The Simpsons (Classic): “Mountain Of Madness”

The Simpsons (Classic): “Mountain Of Madness”

Mountain Of Madness” (originally aired 2/2/1997)

In which sitting is the great leveler, from the mightiest pharaoh to the lowliest peasant…

If any point came across from the plethora of content that The A.V. Club delivered over the course of Simpsons Week, it’s that The Simpsons is unquestionably the richest show to ever air on television. (Way richer than Lenny.) From its bench of supporting characters to its reams of quotable material to its ear for crafting maddeningly catchy songs, no other program can lay claim to churning out as much solid content as The Simpsons has. There may be a decline in quality over the years (albeit one with plenty of high points), but that decline is as much because of the transcendent heights the show came down from as it is the natural passage of time, and even an ordinary episode can still stand far above many other things on television.

That’s certainly the case with “Mountain Of Madness,” an episode of The Simpsons’ eighth season that wouldn’t crack any list of best episodes of the series—or even the season—but is still so full of rewarding content it’s remarkable. While not as emotionally remarkable in the same way some of the season’s prior installments are, it’s full of finely quotable material about sitting, rocket sleds, and cheating, as well as my personal pick for favorite Simpsons quote, “Your ideas are intriguing to me and I wish to subscribe to your newsletter.” Furthermore, it’s an episode that plays around with many established character pairings, and intertwines them neatly across the episode’s narrative.
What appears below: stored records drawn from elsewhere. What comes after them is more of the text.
lemma exists_better_right_inverse:
  assumes "0 < p" "p \<noteq> \<infinity>" "p \<noteq> 2" "0 < q" "q \<noteq> \<infinity>"
  obtains Y where "Y \<in> ginvs A" "colnorm p q (Y ** A) < colnorm p q (pinv A ** A)"
proof -
  define P where "P = real_of_ereal p"
  have "0 < P" "P \<noteq> 2" using assms(1-3) by (cases p; auto simp: P_def)+
  then obtain t :: real
    where t: "\<bar>1/5 + 2 * t\<bar> powr P + \<bar>2 * (1/5) - t\<bar> powr P < (1/5) powr P + (2 * (1/5)) powr P"
    using powr_sum_not_minimal_on_line[of "1/5" P] by auto
  define x where "x = column i0 (pinv A)"
  define y where "y = x + t *\<^sub>R null_direction"
  have shorter: "vnorm p y < vnorm p x"
    using vnorm_pinv_column_shift[OF assms(2), of t] vnorm_pinv_column_shift[OF assms(2), of 0]
      \<open>0 < P\<close> t by (simp add: x_def y_def P_def powr_less_mono2)
  define Y where "Y = pinv A + (\<chi> r i. if i = i0 then (t *\<^sub>R null_direction) $ r else 0)"
  have "Y \<in> ginvs A"
    unfolding ginvs_def Y_def
    by (simp add: right_inverse_add_null_column A_mult_pinv A_mult_null_direction matrix_vector_mult_scaleR)
  have col_Y: "column j (Y ** A) = column j (pinv A ** A) + A $ i0 $ j *s (t *\<^sub>R null_direction)" for j
    unfolding Y_def by (rule column_add_single_column_mult)
  have col_single: "column j (pinv A ** A) = A $ i0 $ j *s x" "column j (Y ** A) = A $ i0 $ j *s y"
    if "A $ i0 $ j \<noteq> 0" for j
    using column_matrix_mult_single_row[of i0 A j "pinv A"] A_column_single_row[OF that] col_Y[of j]
    by (auto simp: x_def y_def vector_add_ldistrib)
  have "colnorm p q (Y ** A) < colnorm p q (pinv A ** A)"
  proof (rule colnorm_strict_mono[OF assms(4,5)])
    show "vnorm p (column j (Y ** A)) \<le> vnorm p (column j (pinv A ** A))" for j
    proof (cases "A $ i0 $ j = 0")
      case True
      then show ?thesis by (simp add: col_Y)
    next
      case False
      then show ?thesis
        using shorter unfolding col_single[OF False] vnorm_scale[OF assms(1)] by simp
    qed
    have "A $ i0 $ k \<noteq> 0" by (simp add: A_nth_k)
    then show "vnorm p (column k (Y ** A)) < vnorm p (column k (pinv A ** A))"
      using shorter unfolding col_single[OF \<open>A $ i0 $ k \<noteq> 0\<close>] vnorm_scale[OF assms(1)] by simp
  qed
  with \<open>Y \<in> ginvs A\<close> show ?thesis by (rule that)
qed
Fittingly enough, the framework for this set of new pairings is a setting utterly foreign to everyone present: Mount Useful, a.k.a. Strategic Granite Reserve. After the Springfield Nuclear Power Plant staff fails to complete a routine fire drill within the industry-standard 45 seconds (Burns: “What’s our time so far?” Smithers: “I don’t know, sir. This stopwatch only goes up to 15 minutes”), Burns orders all of his employees into the mountain for a team-building exercise. Disorder at the power plant isn’t heavily mined topic for The Simpsons at this point—season two’s magnificent “Two Cars In Every Garage And Three Eyes On Every Fish” is the last episode it was given the spotlight—so it’s effective in its role as the narrative device to get everyone out of their comfort zones. And it neatly keeps the full Simpson family in the stories orbit, as it’s 100 percent in character for Homer to think to bring his family along.
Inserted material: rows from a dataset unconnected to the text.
lemma finite_vertices: "finite V"
  using simple unfolding simple_graph_def by blast

lemma adj_in_V: "E x y \<Longrightarrow> x \<in> V" "E x y \<Longrightarrow> y \<in> V"
  using simple unfolding simple_graph_def by blast+

lemma adj_sym: "E x y \<Longrightarrow> E y x"
  using simple unfolding simple_graph_def by blast

lemma adj_irrefl: "\<not> E x x"
  using simple unfolding simple_graph_def by blast

lemma no_triangle: "E x y \<Longrightarrow> E y z \<Longrightarrow> E x z \<Longrightarrow> False"
  using maximal adj_in_V unfolding maximal_triangle_free_def triangle_free_def by metis

lemma common_neighbour: "x \<in> V \<Longrightarrow> y \<in> V \<Longrightarrow> x \<noteq> y \<Longrightarrow> \<not> E x y \<Longrightarrow> \<exists>z. E x z \<and> E y z"
  using maximal unfolding maximal_triangle_free_def by blast

lemma finite_nbhd: "finite (nbhd x)"
  using finite_subset[OF _ finite_vertices, of "nbhd x"] adj_in_V unfolding nbhd_def by blast

text \<open>Every remaining pair among \<open>x, b\<^sub>1, y, b\<^sub>2, z, b\<^sub>3\<close> would close a triangle, so the
  hexagon \<open>x b\<^sub>1 y b\<^sub>2 z b\<^sub>3\<close> is induced.\<close>
lemma induced_C6_of_private_neighbours:
  assumes "E x b1" "E y b1" "\<not> E z b1" "E y b2" "E z b2" "\<not> E x b2" "E x b3" "E z b3" "\<not> E y b3"
  shows "has_induced_C6 V E"
proof -
  have nonadj: "\<not> E x y" "\<not> E y z" "\<not> E x z" "\<not> E b1 b2" "\<not> E b2 b3" "\<not> E b1 b3"
    using assms no_triangle adj_sym by metis+
  define cs where "cs = [x, b1, y, b2, z, b3]"
  have "distinct cs"
    unfolding cs_def using assms nonadj adj_irrefl adj_sym by auto
  then have "inj_on (nth cs) {0..<6}"
    by (rule inj_on_nth) (simp add: cs_def)
  moreover have "nth cs ` {0..<6} \<subseteq> V"
    unfolding cs_def using assms adj_in_V by (auto simp: less_Suc_eq numeral_eq_Suc)
  moreover have "E (cs ! i) (cs ! j) \<longleftrightarrow> cyc6_adj i j" if "i < 6" "j < 6" for i j
    using less_6_cases[OF that(1)] less_6_cases[OF that(2)] assms nonadj adj_irrefl adj_sym
    unfolding cs_def by (elim disjE) (simp_all, blast+)
  ultimately show ?thesis
    unfolding has_induced_C6_def by blast
qed

end

locale c6_free_mtf_graph = mtf_graph +
  assumes no_induced_C6: "\<not> has_induced_C6 V E"
begin

lemma no_private_neighbours:
  assumes "E x b1" "E y b1" "\<not> E z b1" "E y b2" "E z b2" "\<not> E x b2" "E x b3" "E z b3" "\<not> E y b3"
  shows False
  using induced_C6_of_private_neighbours[OF assms] no_induced_C6 by blast

lemma min_common_nbhd_pair_dominates:
  assumes uw: "u \<in> V" "w \<in> V" "u \<noteq> w" "\<not> E u w"
    and min: "\<And>x y. x \<in> V \<Longrightarrow> y \<in> V \<Longrightarrow> x \<noteq> y \<Longrightarrow> \<not> E x y \<Longrightarrow>
      card (nbhd u \<inter> nbhd w) \<le> card (nbhd x \<inter> nbhd y)"
    and v: "E u v" "E w v"
    and a: "a \<in> V" "\<not> E u a" "\<not> E v a"
  shows "E w a"
proof (rule ccontr)
  assume wa: "\<not> E w a"
  have "a \<noteq> u" "a \<noteq> w"
    using a(3) v adj_sym by blast+
  then have min_a: "card (nbhd u \<inter> nbhd w) \<le> card (nbhd x \<inter> nbhd a)" if "x \<in> {u, w}" for x
    using min[of x a] that uw a wa adj_sym by blast
  have shrink: "card (nbhd x \<inter> nbhd a) < card (nbhd u \<inter> nbhd w)"
    if "x \<in> {u, w}" "nbhd x \<inter> nbhd a \<subseteq> nbhd u \<inter> nbhd w" for x
  proof -
    have "v \<in> nbhd u \<inter> nbhd w" "v \<notin> nbhd a"
      using v a(3) adj_sym unfolding nbhd_def by auto
    with that(2) have "nbhd x \<inter> nbhd a \<subset> nbhd u \<inter> nbhd w"
      by blast
    then show ?thesis
      using finite_nbhd by (intro psubset_card_mono) auto
  qed
  \<comment> \<open>a private common neighbour of \<open>u, a\<close> and one of \<open>w, a\<close> would complete, together
    with \<open>v\<close>, an induced hexagon\<close>
  have "nbhd u \<inter> nbhd a \<subseteq> nbhd w \<or> nbhd w \<inter> nbhd a \<subseteq> nbhd u"
    using no_private_neighbours[of u v w a] v a(3) adj_sym unfolding nbhd_def by blast
  then show False
    using shrink[of u] shrink[of w] min_a[of u] min_a[of w] by fastforce
qed

lemma exists_dominating_edge:
  assumes "card V \<ge> 2"
  obtains u v where "E u v" "\<And>a b. E a b \<Longrightarrow> E u a \<or> E v a \<or> E u b \<or> E v b"
proof (cases "\<exists>x\<in>V. \<exists>y\<in>V. x \<noteq> y \<and> \<not> E x y")
  case True
  define nonadj where "nonadj p \<longleftrightarrow> fst p \<in> V \<and> snd p \<in> V \<and> fst p \<noteq> snd p \<and> \<not> E (fst p) (snd p)"
    for p
  define common where "common p = card (nbhd (fst p) \<inter> nbhd (snd p))" for p
  obtain p0 where "nonadj p0"
    using True unfolding nonadj_def by auto
  then obtain p where p: "nonadj p" "\<And>p'. nonadj p' \<Longrightarrow> common p \<le> common p'"
    using ex_has_least_nat[of nonadj p0 common] by blast
  obtain u w where uw: "p = (u, w)"
    by fastforce
  have uw_nonadj: "u \<in> V" "w \<in> V" "u \<noteq> w" "\<not> E u w"
    using p(1) uw unfolding nonadj_def by auto
  have min: "card (nbhd u \<inter> nbhd w) \<le> card (nbhd x \<inter> nbhd y)"
    if "x \<in> V" "y \<in> V" "x \<noteq> y" "\<not> E x y" for x y
    using p(2)[of "(x, y)"] that uw unfolding nonadj_def common_def by simp
  obtain v where v: "E u v" "E w v"
    using common_neighbour[OF uw_nonadj] by blast
  have w_adj: "E w a" if "a \<in> V" "\<not> E u a" "\<not> E v a" for a
    by (rule min_common_nbhd_pair_dominates[OF uw_nonadj min v that])
  have "E u a \<or> E v a \<or> E u b \<or> E v b" if "E a b" for a b
    using w_adj[of a] w_adj[of b] adj_in_V[OF that] no_triangle that by blast
  then show ?thesis
    using that v(1) by blast
next
  case False
  have "\<not> card V \<le> Suc 0"
    using assms by simp
  then obtain u v where "u \<in> V" "v \<in> V" "u \<noteq> v"
    using card_le_Suc0_iff_eq[OF finite_vertices] by blast
  have adj_all: "E x y" if "x \<in> V" "y \<in> V" "x \<noteq> y" for x y
    using False that by blast
  have "E u a \<or> E u b" if "E a b" for a b
    using that adj_all[OF \<open>u \<in> V\<close> adj_in_V(1)[OF that]] by blast
  then show ?thesis
    using that adj_all[OF \<open>u \<in> V\<close> \<open>v \<in> V\<close> \<open>u \<noteq> v\<close>] by blast
qed

end

section \<open>Proper 3-colourings constant on twins\<close>

locale coloured_c6_free_mtf = c6_free_mtf_graph +
  fixes col :: "'a \<Rightarrow> nat"
  assumes col_less: "col x < 3"
    and col_proper: "E x y \<Longrightarrow> col x \<noteq> col y"
    and col_twins: "x \<in> V \<Longrightarrow> y \<in> V \<Longrightarrow> nbhd x = nbhd y \<Longrightarrow> col x = col y"
begin

definition colour_nbhd :: "'a \<Rightarrow> nat \<Rightarrow> 'a set" where
  "colour_nbhd x d = {y. E x y \<and> col y = d}"

lemma col_cases:
  obtains "col y = col x" | "col y = succ3 (col x)" | "col x = succ3 (col y)"
  using succ3_cases[OF col_less col_less] by metis

lemma col_third:
  "col a \<noteq> col b \<Longrightarrow> col c \<noteq> col a \<Longrightarrow> col c \<noteq> col b \<Longrightarrow> col d \<noteq> col a \<Longrightarrow> col d \<noteq> col b
   \<Longrightarrow> col c = col d"
  using third_residue[OF col_less col_less col_less col_less] by blast

lemma colour_nbhd_nested:
  assumes "x \<in> V" "x' \<in> V" "col x = col x'" "d \<noteq> col x"
  shows "colour_nbhd x d \<subseteq> colour_nbhd x' d \<or> colour_nbhd x' d \<subseteq> colour_nbhd x d"
proof (rule ccontr)
  assume "\<not> ?thesis"
  then obtain w w' where w: "E x w" "col w = d" "\<not> E x' w" and w': "E x' w'" "col w' = d" "\<not> E x w'"
    unfolding colour_nbhd_def by auto
  have "w \<noteq> x'" "w' \<noteq> x"
    using w w' assms(3,4) by auto
  then obtain t t' where t: "E w t" "E x' t" and t': "E w' t'" "E x t'"
    using common_neighbour adj_in_V w w' assms(1,2) adj_sym by metis
  have "col t = col t'"
    using col_third[of w x t t'] col_proper[OF t(1)] col_proper[OF t(2)] col_proper[OF t'(1)]
      col_proper[OF t'(2)] w(2) w'(2) assms(3,4) by auto
  then have "\<not> E t t'" "\<not> E x x'" "\<not> E w' w"
    using col_proper assms(3) w(2) w'(2) by metis+
  then show False
    using no_private_neighbours[of x t' w' t x' w] t t' w w' adj_sym by blast
qed

lemma colour_nbhd_anti:
  assumes "x \<in> V" "x' \<in> V" "col x = col x'" "d < 3" "d' < 3" "d \<noteq> col x" "d' \<noteq> col x"
    "d \<noteq> d'" "colour_nbhd x d \<subseteq> colour_nbhd x' d"
  shows "colour_nbhd x' d' \<subseteq> colour_nbhd x d'"
proof
  fix y assume "y \<in> colour_nbhd x' d'"
  then have y: "E x' y" "col y = d'"
    unfolding colour_nbhd_def by auto
  show "y \<in> colour_nbhd x d'"
  proof (rule ccontr)
    assume "y \<notin> colour_nbhd x d'"
    then have "\<not> E x y" "x \<noteq> y"
      using y assms(7) unfolding colour_nbhd_def by auto
    then obtain t where t: "E x t" "E y t"
      using common_neighbour[OF assms(1) adj_in_V(2)[OF y(1)]] by blast
    have "col t = d"
      using third_residue[OF col_less col_less col_less assms(4), of x y t] col_proper[OF t(1)]
        col_proper[OF t(2)] y(2) assms(6-8) by auto
    then have "E x' t"
      using assms(9) t(1) unfolding colour_nbhd_def by auto
    then show False
      using no_triangle[OF y(1) t(2)] by blast
  qed
qed

lemma no_rainbow_independent_triple:
  assumes "x \<in> V" "y \<in> V" "z \<in> V" "col x \<noteq> col y" "col y \<noteq> col z" "col x \<noteq> col z"
    "\<not> E x y" "\<not> E y z" "\<not> E x z"
  shows False
proof -
  obtain p where p: "E x p" "E y p"
    using common_neighbour[OF assms(1,2)] assms by auto
  obtain q where q: "E y q" "E z q"
    using common_neighbour[OF assms(2,3)] assms by auto
  obtain r where r: "E x r" "E z r"
    using common_neighbour[OF assms(1,3)] assms by auto
  have "col p = col z" "col q = col x" "col r = col y"
    using col_third[of x y p z] col_third[of y z q x] col_third[of x z r y]
      col_proper[OF p(1)] col_proper[OF p(2)] col_proper[OF q(1)] col_proper[OF q(2)]
      col_proper[OF r(1)] col_proper[OF r(2)] assms(4-6) by auto
  then have "\<not> E z p" "\<not> E x q" "\<not> E y r"
    using col_proper by metis+
  then show False
    using no_private_neighbours[of x p y z q r] p q r by blast
qed

text \<open>\<open>succ3 (succ3 c)\<close> is the colour below \<open>c\<close>.\<close>
definition down :: "'a \<Rightarrow> 'a set" where
  "down x = colour_nbhd x (succ3 (succ3 (col x)))"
Once they get to the mountain, the employees are split into teams of two, and given the additional motivation that the last team to arrive will be fired. (Second-to-last gets a hilarious “World’s Worst Employee” trophy.) Homer’s gripped with worry, until he realizes to his pleasant surprise that he’s paired with Mr. Burns. Previous episodes have found spins on the Homer/Mr. Burns relationship beside employee/boss before—“Last Exit To Springfield” turned them into professional rivals, “Homer The Smithers” placed Homer at the whim of Burns’s endless idiosyncracies—but this is the first time that the two have been in equal footing as individuals. Interestingly, the episode starts out on that vibe by throwig out some of the established jokes in favor of getting them together, as this may well be the first time Burns has remembered Homer’s name without any prompting from Smithers.

This is only the first step in a different relationship between the two, as “Mountain Of Madness” dares to suggest that when on equal footing, Homer and Burns could actually get along. Homer’s natural suggestibility, already stoked by Bart’s takedown of teamwork, makes him a prime target for Burns’s expertly crafted manipulations, and his enthusiasm for whatever course he’s committed to earns him a rare bit of praise. (“You know, Simpson, you’re not as objectionable as you seemed when we first met.” “No, sir, I am not.”) And the equation flips once they settle into the cabin and have the chance to legitimately enjoy each others company, as Homer shares his experienced laziness by teaching Burns how to cheat that most villainous of obstacles: standing up.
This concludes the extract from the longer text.